# EXERCISE GOAL
Please output each entry exactly as it appears.

- Opening Delimiter -

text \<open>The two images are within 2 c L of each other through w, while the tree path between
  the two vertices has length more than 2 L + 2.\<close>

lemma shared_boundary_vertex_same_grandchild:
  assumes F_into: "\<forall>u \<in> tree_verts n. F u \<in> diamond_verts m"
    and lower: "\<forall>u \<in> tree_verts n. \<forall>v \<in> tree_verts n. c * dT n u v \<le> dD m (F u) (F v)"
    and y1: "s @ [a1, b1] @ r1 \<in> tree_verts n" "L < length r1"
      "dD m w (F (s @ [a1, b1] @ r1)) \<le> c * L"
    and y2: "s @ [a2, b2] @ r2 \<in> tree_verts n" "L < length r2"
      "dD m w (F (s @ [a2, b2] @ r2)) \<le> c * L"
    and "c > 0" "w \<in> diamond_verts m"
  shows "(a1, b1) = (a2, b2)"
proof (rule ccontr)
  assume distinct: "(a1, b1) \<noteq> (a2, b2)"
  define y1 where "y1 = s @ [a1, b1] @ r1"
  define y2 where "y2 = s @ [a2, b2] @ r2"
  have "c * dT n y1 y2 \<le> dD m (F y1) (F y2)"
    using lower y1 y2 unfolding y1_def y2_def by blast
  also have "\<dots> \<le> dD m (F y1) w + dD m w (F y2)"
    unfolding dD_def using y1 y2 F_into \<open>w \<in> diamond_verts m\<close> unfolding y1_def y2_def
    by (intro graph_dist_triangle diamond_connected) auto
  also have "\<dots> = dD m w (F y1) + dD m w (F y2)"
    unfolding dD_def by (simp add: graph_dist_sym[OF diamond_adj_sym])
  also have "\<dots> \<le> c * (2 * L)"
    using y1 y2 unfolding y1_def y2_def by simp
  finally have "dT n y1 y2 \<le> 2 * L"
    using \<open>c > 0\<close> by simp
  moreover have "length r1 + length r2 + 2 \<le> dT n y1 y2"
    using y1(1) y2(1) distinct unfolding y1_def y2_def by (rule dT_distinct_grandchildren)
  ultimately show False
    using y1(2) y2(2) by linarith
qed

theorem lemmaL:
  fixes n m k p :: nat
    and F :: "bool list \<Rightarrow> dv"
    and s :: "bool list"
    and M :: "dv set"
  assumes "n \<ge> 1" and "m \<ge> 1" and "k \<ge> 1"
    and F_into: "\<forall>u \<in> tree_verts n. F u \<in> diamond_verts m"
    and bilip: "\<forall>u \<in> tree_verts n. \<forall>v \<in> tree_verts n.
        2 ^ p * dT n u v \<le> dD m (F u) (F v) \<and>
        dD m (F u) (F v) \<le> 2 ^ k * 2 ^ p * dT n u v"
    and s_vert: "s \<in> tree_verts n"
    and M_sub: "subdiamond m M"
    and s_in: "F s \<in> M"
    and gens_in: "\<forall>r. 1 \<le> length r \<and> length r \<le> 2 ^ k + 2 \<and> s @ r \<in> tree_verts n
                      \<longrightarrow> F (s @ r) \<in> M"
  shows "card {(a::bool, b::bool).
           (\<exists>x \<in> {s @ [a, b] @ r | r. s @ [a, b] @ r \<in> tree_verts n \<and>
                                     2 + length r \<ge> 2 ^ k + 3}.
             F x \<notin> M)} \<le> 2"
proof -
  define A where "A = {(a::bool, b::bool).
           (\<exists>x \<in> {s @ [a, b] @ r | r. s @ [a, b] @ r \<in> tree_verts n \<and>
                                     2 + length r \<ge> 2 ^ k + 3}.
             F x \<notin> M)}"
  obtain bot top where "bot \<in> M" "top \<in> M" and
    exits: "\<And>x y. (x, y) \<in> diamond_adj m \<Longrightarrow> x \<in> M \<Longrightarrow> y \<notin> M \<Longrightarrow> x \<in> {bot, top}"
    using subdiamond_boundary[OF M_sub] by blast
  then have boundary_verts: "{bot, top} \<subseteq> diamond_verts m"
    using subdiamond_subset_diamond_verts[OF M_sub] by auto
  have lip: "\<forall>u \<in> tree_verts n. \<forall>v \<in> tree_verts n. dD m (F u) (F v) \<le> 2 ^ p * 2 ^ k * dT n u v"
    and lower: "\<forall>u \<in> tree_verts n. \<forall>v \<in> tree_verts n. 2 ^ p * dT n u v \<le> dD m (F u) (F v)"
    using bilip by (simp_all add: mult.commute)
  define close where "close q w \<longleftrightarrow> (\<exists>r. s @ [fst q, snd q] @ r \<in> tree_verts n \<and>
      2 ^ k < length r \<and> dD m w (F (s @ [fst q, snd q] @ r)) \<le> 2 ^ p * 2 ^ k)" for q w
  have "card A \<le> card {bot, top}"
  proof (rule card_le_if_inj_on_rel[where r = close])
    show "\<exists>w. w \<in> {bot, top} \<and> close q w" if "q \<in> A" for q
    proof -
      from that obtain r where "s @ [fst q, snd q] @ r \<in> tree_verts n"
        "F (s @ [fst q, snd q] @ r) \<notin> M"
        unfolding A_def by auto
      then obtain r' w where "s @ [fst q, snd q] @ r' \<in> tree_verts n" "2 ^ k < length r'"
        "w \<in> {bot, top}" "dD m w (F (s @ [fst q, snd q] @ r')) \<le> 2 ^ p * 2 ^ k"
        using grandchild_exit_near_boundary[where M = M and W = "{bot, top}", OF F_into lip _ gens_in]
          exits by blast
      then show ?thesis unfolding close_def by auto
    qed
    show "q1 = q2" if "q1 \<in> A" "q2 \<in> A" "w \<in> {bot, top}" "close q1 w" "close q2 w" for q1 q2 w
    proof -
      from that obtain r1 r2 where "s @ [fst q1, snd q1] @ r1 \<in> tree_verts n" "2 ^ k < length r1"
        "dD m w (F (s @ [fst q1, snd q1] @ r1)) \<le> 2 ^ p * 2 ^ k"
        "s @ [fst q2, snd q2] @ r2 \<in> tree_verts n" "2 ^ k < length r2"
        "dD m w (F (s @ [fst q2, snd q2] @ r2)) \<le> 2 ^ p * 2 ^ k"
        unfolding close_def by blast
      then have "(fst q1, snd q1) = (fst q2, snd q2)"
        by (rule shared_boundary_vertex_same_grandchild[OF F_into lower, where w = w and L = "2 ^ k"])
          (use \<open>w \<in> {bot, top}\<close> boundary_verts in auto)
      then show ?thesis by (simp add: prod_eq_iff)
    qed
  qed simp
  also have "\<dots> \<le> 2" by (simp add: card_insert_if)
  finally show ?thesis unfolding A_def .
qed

- Closing Delimiter -

# RESULT OF THE EXERCISE
text \<open>The two images are within 2 c L of each other through w, while the tree path between
  the two vertices has length more than 2 L + 2.\<close>

lemma shared_boundary_vertex_same_grandchild:
  assumes F_into: "\<forall>u \<in> tree_verts n. F u \<in> diamond_verts m"
    and lower: "\<forall>u \<in> tree_verts n. \<forall>v \<in> tree_verts n. c * dT n u v \<le> dD m (F u) (F v)"
    and y1: "s @ [a1, b1] @ r1 \<in> tree_verts n" "L < length r1"
      "dD m w (F (s @ [a1, b1] @ r1)) \<le> c * L"
    and y2: "s @ [a2, b2] @ r2 \<in> tree_verts n" "L < length r2"
      "dD m w (F (s @ [a2, b2] @ r2)) \<le> c * L"
    and "c > 0" "w \<in> diamond_verts m"
  shows "(a1, b1) = (a2, b2)"
proof (rule ccontr)
  assume distinct: "(a1, b1) \<noteq> (a2, b2)"
  define y1 where "y1 = s @ [a1, b1] @ r1"
  define y2 where "y2 = s @ [a2, b2] @ r2"
  have "c * dT n y1 y2 \<le> dD m (F y1) (F y2)"
    using lower y1 y2 unfolding y1_def y2_def by blast
  also have "\<dots> \<le> dD m (F y1) w + dD m w (F y2)"
    unfolding dD_def using y1 y2 F_into \<open>w \<in> diamond_verts m\<close> unfolding y1_def y2_def
    by (intro graph_dist_triangle diamond_connected) auto
  also have "\<dots> = dD m w (F y1) + dD m w (F y2)"
    unfolding dD_def by (simp add: graph_dist_sym[OF diamond_adj_sym])
  also have "\<dots> \<le> c * (2 * L)"
    using y1 y2 unfolding y1_def y2_def by simp
  finally have "dT n y1 y2 \<le> 2 * L"
    using \<open>c > 0\<close> by simp
  moreover have "length r1 + length r2 + 2 \<le> dT n y1 y2"
    using y1(1) y2(1) distinct unfolding y1_def y2_def by (rule dT_distinct_grandchildren)
  ultimately show False
    using y1(2) y2(2) by linarith
qed

theorem lemmaL:
  fixes n m k p :: nat
    and F :: "bool list \<Rightarrow> dv"
    and s :: "bool list"
    and M :: "dv set"
  assumes "n \<ge> 1" and "m \<ge> 1" and "k \<ge> 1"
    and F_into: "\<forall>u \<in> tree_verts n. F u \<in> diamond_verts m"
    and bilip: "\<forall>u \<in> tree_verts n. \<forall>v \<in> tree_verts n.
        2 ^ p * dT n u v \<le> dD m (F u) (F v) \<and>
        dD m (F u) (F v) \<le> 2 ^ k * 2 ^ p * dT n u v"
    and s_vert: "s \<in> tree_verts n"
    and M_sub: "subdiamond m M"
    and s_in: "F s \<in> M"
    and gens_in: "\<forall>r. 1 \<le> length r \<and> length r \<le> 2 ^ k + 2 \<and> s @ r \<in> tree_verts n
                      \<longrightarrow> F (s @ r) \<in> M"
  shows "card {(a::bool, b::bool).
           (\<exists>x \<in> {s @ [a, b] @ r | r. s @ [a, b] @ r \<in> tree_verts n \<and>
                                     2 + length r \<ge> 2 ^ k + 3}.
             F x \<notin> M)} \<le> 2"
proof -
  define A where "A = {(a::bool, b::bool).
           (\<exists>x \<in> {s @ [a, b] @ r | r. s @ [a, b] @ r \<in> tree_verts n \<and>
                                     2 + length r \<ge> 2 ^ k + 3}.
             F x \<notin> M)}"
  obtain bot top where "bot \<in> M" "top \<in> M" and
    exits: "\<And>x y. (x, y) \<in> diamond_adj m \<Longrightarrow> x \<in> M \<Longrightarrow> y \<notin> M \<Longrightarrow> x \<in> {bot, top}"
    using subdiamond_boundary[OF M_sub] by blast
  then have boundary_verts: "{bot, top} \<subseteq> diamond_verts m"
    using subdiamond_subset_diamond_verts[OF M_sub] by auto
  have lip: "\<forall>u \<in> tree_verts n. \<forall>v \<in> tree_verts n. dD m (F u) (F v) \<le> 2 ^ p * 2 ^ k * dT n u v"
    and lower: "\<forall>u \<in> tree_verts n. \<forall>v \<in> tree_verts n. 2 ^ p * dT n u v \<le> dD m (F u) (F v)"
    using bilip by (simp_all add: mult.commute)
  define close where "close q w \<longleftrightarrow> (\<exists>r. s @ [fst q, snd q] @ r \<in> tree_verts n \<and>
      2 ^ k < length r \<and> dD m w (F (s @ [fst q, snd q] @ r)) \<le> 2 ^ p * 2 ^ k)" for q w
  have "card A \<le> card {bot, top}"
  proof (rule card_le_if_inj_on_rel[where r = close])
    show "\<exists>w. w \<in> {bot, top} \<and> close q w" if "q \<in> A" for q
    proof -
      from that obtain r where "s @ [fst q, snd q] @ r \<in> tree_verts n"
        "F (s @ [fst q, snd q] @ r) \<notin> M"
        unfolding A_def by auto
      then obtain r' w where "s @ [fst q, snd q] @ r' \<in> tree_verts n" "2 ^ k < length r'"
        "w \<in> {bot, top}" "dD m w (F (s @ [fst q, snd q] @ r')) \<le> 2 ^ p * 2 ^ k"
        using grandchild_exit_near_boundary[where M = M and W = "{bot, top}", OF F_into lip _ gens_in]
          exits by blast
      then show ?thesis unfolding close_def by auto
    qed
    show "q1 = q2" if "q1 \<in> A" "q2 \<in> A" "w \<in> {bot, top}" "close q1 w" "close q2 w" for q1 q2 w
    proof -
      from that obtain r1 r2 where "s @ [fst q1, snd q1] @ r1 \<in> tree_verts n" "2 ^ k < length r1"
        "dD m w (F (s @ [fst q1, snd q1] @ r1)) \<le> 2 ^ p * 2 ^ k"
        "s @ [fst q2, snd q2] @ r2 \<in> tree_verts n" "2 ^ k < length r2"
        "dD m w (F (s @ [fst q2, snd q2] @ r2)) \<le> 2 ^ p * 2 ^ k"
        unfolding close_def by blast
      then have "(fst q1, snd q1) = (fst q2, snd q2)"
        by (rule shared_boundary_vertex_same_grandchild[OF F_into lower, where w = w and L = "2 ^ k"])
          (use \<open>w \<in> {bot, top}\<close> boundary_verts in auto)
      then show ?thesis by (simp add: prod_eq_iff)
    qed
  qed simp
  also have "\<dots> \<le> 2" by (simp add: card_insert_if)
  finally show ?thesis unfolding A_def .
qed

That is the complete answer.